Like many cases involving self-driving cars (see above), lawsuits against manufacturers or designers of defective cars are based in product liability law rather than traditional car accident law.
What if I was hit by a DUI driver?
Drunk driving accidents can be horrific. The silver lining of such accidents (if there can be said to be a silver lining) is that the law falls heavily on the side of DUI victims; if you were hit by a drunk or drugged driver, you will almost certainly be eligible to recover significant damages – so long as there is evidence that the other driver was drunk or otherwise under the influence, and that their inebriation caused the accident.
Although some may find it surprising, most states also have laws in place which allow you to sue not just the drunk driver, but also the vendor who sold them the alcohol. These laws, known as “dram shop laws” (after an old word used in England for alcohol shops), allow bartenders, liquor store owners, and other types of alcohol vendors to be held liable for damages in civil court in cases where they sold alcohol to someone who was clearly intoxicated, and that person then caused a drunk driving accident.
Most states have some form of dram shop law, but they vary significantly from state to state. Some states allow dram shop lawsuits if the patron was visibly intoxicated, while others are stricter and demand that the patient clearly be a danger to themselves or to others at the time when the alcohol was sold.
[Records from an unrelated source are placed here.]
(* Let $G$ be a connected bipartite graph with bipartition $(U,V)$, $|U|\ge |V|$. Let $V_W\subseteq V$ be the set of vertices of $V$ adjacent to at least one leaf of $G$, $\overline{V_W}=V\setminus V_W$, let $U_L\subseteq U$ be a set of leaves such that each $v\in V_W$ is adjacent to exactly one element of $U_L$ and $|U_L|=|V_W|$, and $\overline{U_L}=U\setminus U_L$. Let $X=\{S\subseteq \overline{U_L} : S\neq\emptyset,\ N(S)=\overline{V_W}\}$ and $q=|\{S\in X: |S| \text{ even}\}|-|\{S\in X : |S|\text{ odd}\}|$. Then: (a) if $\overline{V_W}=\emptyset$, then $\deg h_{R/I(G)}(t)=\alpha(G)$; (b) if $\overline{V_W}\neq\emptyset$, then $\deg h_{R/I(G)}(t)=\alpha(G)$ if and only if $q\neq 0$.
   Context: $N(S)$ denotes the set of all vertices adjacent to some vertex of $S$. A leaf is a vertex with exactly one neighbor. $\alpha(G)$ is the maximum size of an independent set of $G$ (a set of vertices no two of which are adjacent). For a finite simple graph $G$ on vertices $x_1,\dots,x_n$, $R=k[x_1,\dots,x_n]$ over a field $k$, $I(G)=(x_ix_j:\{x_i,x_j\}\in E(G))$, and $h_{R/I(G)}(t)$ is the $h$-polynomial: the numerator of the Hilbert series $\sum_i \dim_k(R/I(G))_i t^i$ written as a reduced fraction $h_{R/I(G)}(t)/(1-t)^{\dim R/I(G)}$. *)

theory Defs
  imports Main "HOL-Computational_Algebra.Polynomial_FPS"
begin

definition simple_graph :: "'a set \<Rightarrow> 'a set set \<Rightarrow> bool" where
  "simple_graph Vs E \<longleftrightarrow> finite Vs \<and> (\<forall>e\<in>E. e \<subseteq> Vs \<and> card e = 2)"

definition adj :: "'a set set \<Rightarrow> 'a \<Rightarrow> 'a \<Rightarrow> bool" where
  "adj E x y \<longleftrightarrow> {x, y} \<in> E"

definition connected_graph :: "'a set \<Rightarrow> 'a set set \<Rightarrow> bool" where
  "connected_graph Vs E \<longleftrightarrow> (\<forall>x\<in>Vs. \<forall>y\<in>Vs. (adj E)\<^sup>*\<^sup>* x y)"

definition bipartition :: "'a set \<Rightarrow> 'a set set \<Rightarrow> 'a set \<Rightarrow> 'a set \<Rightarrow> bool" where
  "bipartition Vs E U V \<longleftrightarrow> U \<noteq> {} \<and> V \<noteq> {} \<and> U \<inter> V = {} \<and> U \<union> V = Vs \<and>
     (\<forall>e\<in>E. \<exists>u\<in>U. \<exists>v\<in>V. e = {u, v})"

definition nbhd :: "'a set set \<Rightarrow> 'a set \<Rightarrow> 'a set" where
  "nbhd E S = {y. \<exists>x\<in>S. adj E x y}"

definition leaf :: "'a set \<Rightarrow> 'a set set \<Rightarrow> 'a \<Rightarrow> bool" where
  "leaf Vs E x \<longleftrightarrow> x \<in> Vs \<and> card {y. adj E x y} = 1"

definition independent :: "'a set set \<Rightarrow> 'a set \<Rightarrow> bool" where
  "independent E S \<longleftrightarrow> (\<forall>x\<in>S. \<forall>y\<in>S. \<not> adj E x y)"

definition alpha :: "'a set \<Rightarrow> 'a set set \<Rightarrow> nat" where
  "alpha Vs E = Max {card S | S. S \<subseteq> Vs \<and> independent E S}"

(* Hilbert function of R/I(G), R = k[x_v : v in Vs]: dim_k (R/I(G))_i equals the number of
   degree-i monomials (exponent vectors m supported on Vs) not in the monomial ideal I(G),
   i.e. not divisible by any edge monomial x_u x_v.  (Independent of the field k.) *)
definition hilbert_fun :: "'a set \<Rightarrow> 'a set set \<Rightarrow> nat \<Rightarrow> nat" where
  "hilbert_fun Vs E i = card {m :: 'a \<Rightarrow> nat. (\<forall>x. x \<notin> Vs \<longrightarrow> m x = 0) \<and>
       (\<Sum>x\<in>Vs. m x) = i \<and> (\<forall>e\<in>E. \<not> (\<forall>x\<in>e. 0 < m x))}"

definition hilbert_series :: "'a set \<Rightarrow> 'a set set \<Rightarrow> int fps" where
  "hilbert_series Vs E = Abs_fps (\<lambda>i. int (hilbert_fun Vs E i))"
(* Let $M_0$ be a smooth spacelike entire graph over $\mathbb{R}^n$ in $\mathbb{R}^{n,m}$ with $\sup_{M_0}v^2\le C_v$ and $\sup_{M_0}\|H\|^2<C_H$, and let $M_t$ be a tame solution of entire graphical spacelike mean curvature flow starting at $M_0$. Then every expanding quasi-sphere acts as an outer barrier: for any $p\in\mathbb{R}^{n,m}$ and $R>0$, if $M_0\subset I_0$ then $M_t\subset I_t$ for all $t\ge0$, where $I_t=\{x\in\mathbb{R}^{n,m}:|p-x|^2\ge-R^2-2nt\}$.
   Context: $\mathbb{R}^{n,m}$ has quadratic form $\langle x,y\rangle=\sum_{i\le n}x^iy^i-\sum_{A\le m}x^{n+A}y^{n+A}$, $|x|^2=\langle x,x\rangle$ (possibly negative), timelike basis $e_1,\dots,e_m$. Entire graphical spacelike MCF: $M_t$ graph of $\hat u(\cdot,t)$ with $\partial_t\hat u-g^{ij}(D\hat u)D^2_{ij}\hat u=0$, $g_{ij}=\delta_{ij}-\sum_AD_i\hat u^AD_j\hat u^A$ positive definite. For normal vectors $z$, $\|z\|^2=-|z|^2$; $H$ the mean curvature vector; $v^2=\sum_A\|e_A^\perp\|^2$. Tame: there is a continuous $f$ on $[0,\infty)$ with $f(0)=C_H$ and $\sup_{M_t}\|H\|^2\le f(t)$. The set $S_t=\{|p-x|^2=-R^2-2nt\}$ is the quasi-sphere expander, $I_t$ its inside. *)

theory Defs
  imports "HOL-Analysis.Analysis"
begin

text \<open>Points of the pseudo-Euclidean space R^{n,m} are pairs (x, y) with x in R^n
(spacelike directions) and y in R^m (timelike directions e_1..e_m).\<close>

type_synonym ('n, 'm) pspace = "(real^'n) \<times> (real^'m)"

definition qf :: "('n::finite, 'm::finite) pspace \<Rightarrow> ('n, 'm) pspace \<Rightarrow> real" where
  "qf z w = fst z \<bullet> fst w - snd z \<bullet> snd w"

definition sqn :: "('n::finite, 'm::finite) pspace \<Rightarrow> real" where
  "sqn z = qf z z"

text \<open>For normal vectors z: norm squared is minus the quadratic form.\<close>
definition nnorm2 :: "('n::finite, 'm::finite) pspace \<Rightarrow> real" where
  "nnorm2 z = - sqn z"

fun C_k :: "nat \<Rightarrow> 'a::euclidean_space set \<Rightarrow> ('a \<Rightarrow> 'b::real_normed_vector) \<Rightarrow> bool" where
  "C_k 0 S f = continuous_on S f"
| "C_k (Suc k) S f = ((\<forall>x\<in>S. f differentiable (at x)) \<and>
      (\<forall>b\<in>Basis. C_k k S (\<lambda>x. frechet_derivative f (at x) b)))"
(* Let $F$ be a field and let $G$ be a bipartite graph with bipartition $(X,Y)$, where $|X|=m$, $|Y|=n$ and $m\le n$. Suppose $\mathcal{R}_F(G)\neq\emptyset$, and let $H$ be the subgraph obtained from $G$ by deleting $k$ vertices of $X$. Then $$f(H\Box K_2)=m-k.$$
   Context: All graphs are finite and simple. For a graph $H$ with a perfect matching $M$, a subset $S\subseteq M$ is a forcing set of $M$ if $S$ is contained in no other perfect matching of $H$; $f(H,M)$ is the minimum size of a forcing set of $M$, and $f(H)$ is the minimum of $f(H,M)$ over all perfect matchings $M$ of $H$. For a bipartite graph $G$ with bipartition $(X,Y)$, a weighted bi-adjacency matrix of $G$ over $F$ is an $|X|\times|Y|$ matrix over $F$, rows indexed by $X$ and columns by $Y$, whose $(x,y)$ entry is nonzero iff $x$ and $y$ are adjacent. $\mathcal{R}_F(G)$ denotes the set of weighted bi-adjacency matrices $B$ of $G$ over $F$ for which there is another weighted bi-adjacency matrix $C$ of $G$ over $F$ (same row/column indexing) with $BC^{\top}=I_{|X|}$. $K_2$ is the complete graph on two vertices, and $G\Box H$ is the Cartesian product: vertex set $V(G)\times V(H)$, with $(g_1,h_1)\sim(g_2,h_2)$ iff either $g_1=g_2$ and $h_1h_2\in E(H)$, or $h_1=h_2$ and $g_1g_2\in E(G)$. *)

theory Defs
  imports Main
begin

type_synonym 'v graph = "'v set \<times> 'v set set"

definition simple_graph :: "'v graph \<Rightarrow> bool" where
  "simple_graph G \<longleftrightarrow> finite (fst G) \<and> (\<forall>e\<in>snd G. e \<subseteq> fst G \<and> card e = 2)"

definition perfect_matching :: "'v graph \<Rightarrow> 'v set set \<Rightarrow> bool" where
  "perfect_matching G M \<longleftrightarrow> M \<subseteq> snd G \<and> (\<forall>v\<in>fst G. \<exists>!e. e \<in> M \<and> v \<in> e)"

definition forcing_set :: "'v graph \<Rightarrow> 'v set set \<Rightarrow> 'v set set \<Rightarrow> bool" where
  "forcing_set G M S \<longleftrightarrow> S \<subseteq> M \<and>
     (\<forall>M'. perfect_matching G M' \<and> S \<subseteq> M' \<longrightarrow> M' = M)"

definition forcing_number_pm :: "'v graph \<Rightarrow> 'v set set \<Rightarrow> nat" where
  "forcing_number_pm G M = (LEAST s. \<exists>S. forcing_set G M S \<and> card S = s)"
If you want to file a civil claim under a dram shop law, you should be familiar with the particular statutes that apply to your state.
Car accidents can happen at any time and can involve a great many unusual circumstances. We have covered some of those circumstances here, but there are many more which we have not addressed, and this article is only a broad overview. In actuality, the precise nature of your accident, and the damages you are eligible to receive will vary significantly based on a variety of factors. But no matter what happens, the most important thing you can do after being involved in an accident is to seek proper legal representation.